In beta decay, `""_(10)Ne^(23)` is converted into `""_(11)Na^(23)`. Calculate the maximum kinetic energy of the electrons emitted, given atomic masses of `""_(10)Ne^(23)` and `""_(11)Na^(23)` arc 22.994466 u and 22.989770 u, respectively.

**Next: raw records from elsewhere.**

definition approx_product_property :: "'a set \<Rightarrow> ('a \<Rightarrow> 'a) \<Rightarrow> ('a \<Rightarrow> 'a \<Rightarrow> real) \<Rightarrow> bool" where
  "approx_product_property X T d \<longleftrightarrow>
     (\<forall>\<delta>1>0. \<forall>\<delta>2>0. \<forall>\<epsilon>>0. \<exists>M::real. M > 0 \<and>
       (\<forall>n::nat. real n \<ge> M \<longrightarrow> (\<forall>k::nat. k \<ge> 1 \<longrightarrow> (\<forall>xs::nat \<Rightarrow> 'a. (\<forall>i\<in>{1..k}. xs i \<in> X) \<longrightarrow>
         (\<exists>t::nat \<Rightarrow> nat. t 0 = 0 \<and>
            (\<forall>i\<in>{1..k}. t (i - 1) < t i \<and> n \<le> t i - t (i - 1) \<and>
                          real (t i - t (i - 1)) \<le> (1 + \<delta>1) * real n) \<and>
            (\<exists>z\<in>X. \<forall>i\<in>{1..k}.
               real (card {j. j < n \<and> d ((T ^^ (t (i - 1) + j)) z) ((T ^^ j) (xs i)) > \<epsilon>})
                 < \<delta>2 * real n))))))"

definition XF :: "(nat \<Rightarrow> nat) set" where
  "XF = {x. (\<forall>j. x j \<in> {0,1,2}) \<and>
            (\<forall>i. (x i, x (Suc i)) \<notin> {(1,2),(2,1)}) \<and>
            (\<forall>i n. n \<ge> 1 \<longrightarrow>
               real (card {j. j < n \<and> (x (i + j), x (i + j + 1)) \<in> {(0,0),(1,1),(2,2)}})
                 \<le> 100 + ln (real n))}"

definition GF :: "nat list set" where
  "GF = {concat (map (\<lambda>a. [0, a]) as) | as. as \<noteq> [] \<and> set as \<subseteq> {1,2}}"

end

theory Submission
  imports Defs
begin

text \<open>
  Deleting one letter of every repeated pair turns a word of the language into a word alternating
  between \<open>0\<close> and nonzero letters, because \<open>12\<close> and \<open>21\<close> are forbidden; at most two
  insertions then give a word of \<open>GF\<close>. A word of length \<open>n\<close> has at most \<open>100 + ln n\<close>
  repeated pairs, so this is an edit approximation. Since \<open>GF\<close> is closed under concatenation,
  specification holds with empty connecting words.

  Against the approximate product property, shadow \<open>k\<close> times the orbit segment of length \<open>n\<close>
  of the point \<open>0101\<dots>\<close> whose phase slips once in the middle of the segment. A point of \<open>XF\<close>
  without a repeated pair inside a segment alternates there, hence misses the target at half the
  positions; so the shadowing point has a repeated pair in each of the \<open>k\<close> segments, i.e.
  \<open>k\<close> repeats within length \<open>2nk\<close>. For \<open>k \<approx> 4n\<close> this beats the bound \<open>100 + ln (2nk)\<close>.
\<close>

lemma edit_dist_le: "(edit_step ^^ k) v w \<Longrightarrow> edit_dist v w \<le> k"
  unfolding edit_dist_def by (rule Least_le)

lemma edit_step_insert: "edit_step (xs @ ys) (xs @ b # ys)"
  unfolding edit_step_def by (intro disjI2 disjI1 exI) simp

lemma edit_step_delete: "edit_step (xs @ a # ys) (xs @ ys)"
  unfolding edit_step_def by (intro disjI2 exI) simp

lemma edit_step_Cons: "edit_step v w \<Longrightarrow> edit_step (a # v) (a # w)"
  unfolding edit_step_def by (elim disjE exE conjE; simp; metis append_Cons)

lemma edit_steps_Cons: "(edit_step ^^ k) v w \<Longrightarrow> (edit_step ^^ k) (a # v) (a # w)"
proof (induction k arbitrary: w)
  case (Suc k)
  then show ?case by (metis edit_step_Cons relpowp_Suc_E relpowp_Suc_I)
qed simp

definition adjacent_repeats :: "'a list \<Rightarrow> nat" where
  "adjacent_repeats w = card {j. Suc j < length w \<and> w ! j = w ! Suc j}"

lemma adjacent_repeats_Cons_Cons:
  "adjacent_repeats (a # b # w) = (if a = b then 1 else 0) + adjacent_repeats (b # w)"
proof -
  let ?R = "\<lambda>w. {j. Suc j < length w \<and> w ! j = w ! Suc j}"
  have split: "?R (a # b # w) = (if a = b then {0} else {}) \<union> Suc ` ?R (b # w)"
  proof (rule set_eqI)
    show "j \<in> ?R (a # b # w) \<longleftrightarrow> j \<in> (if a = b then {0} else {}) \<union> Suc ` ?R (b # w)" for j
      by (cases j) auto
  qed
  have "0 \<notin> Suc ` ?R (b # w)" by auto
  moreover have "finite (?R (b # w))" by auto
  ultimately show ?thesis
    unfolding adjacent_repeats_def split by (simp add: card_image)
qed

lemma edit_steps_remdups_adj: "(edit_step ^^ adjacent_repeats w) w (remdups_adj w)"
proof (induction w rule: remdups_adj.induct)
  case (3 a b w)
  show ?case
  proof (cases "a = b")
    case True
    have "edit_step (a # b # w) (a # w)" using edit_step_delete[of "[a]"] by simp
    from relpowp_Suc_I2[OF this "3.IH"(1)[OF True]] True show ?thesis
      by (simp add: adjacent_repeats_Cons_Cons)
  next
    case False
    with 3 show ?thesis by (simp add: adjacent_repeats_Cons_Cons edit_steps_Cons)
  qed
qed (simp_all add: adjacent_repeats_def)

To solve the problem of calculating the maximum kinetic energy of the electrons emitted during the beta decay of \( _{10}^{23}\text{Ne} \) to \( _{11}^{23}\text{Na} \), we will follow these steps: ### Step-by-Step Solution: 1. **Identify the Given Data:** - Atomic mass of \( _{10}^{23}\text{Ne} \) = 22.994466 u - Atomic mass of \( _{11}^{23}\text{Na} \) = 22.989770 u 2. **Calculate the Mass Defect (\( \Delta m \)):** \[ \Delta m = \text{mass of Ne} - \text{mass of Na} = 22.994466 \, \text{u} - 22.989770 \, \text{u} \] \[ \Delta m = 0.004696 \, \text{u} \] 3. **Convert the Mass Defect to Energy:** The energy equivalent of the mass defect can be calculated using the formula: \[ E = \Delta m \cdot c^2 \] where \( 1 \, \text{u} \) is equivalent to \( 931.5 \, \text{MeV} \). \[ E = 0.004696 \, \text{u} \times 931.5 \, \text{MeV/u} \] 4. **Perform the Calculation:** \[ E = 0.004696 \times 931.5 \approx 4.3743 \, \text{MeV} \] 5. **Conclusion:** The maximum kinetic energy of the electrons emitted during the beta decay of \( _{10}^{23}\text{Ne} \) to \( _{11}^{23}\text{Na} \) is approximately \( 4.3743 \, \text{MeV} \).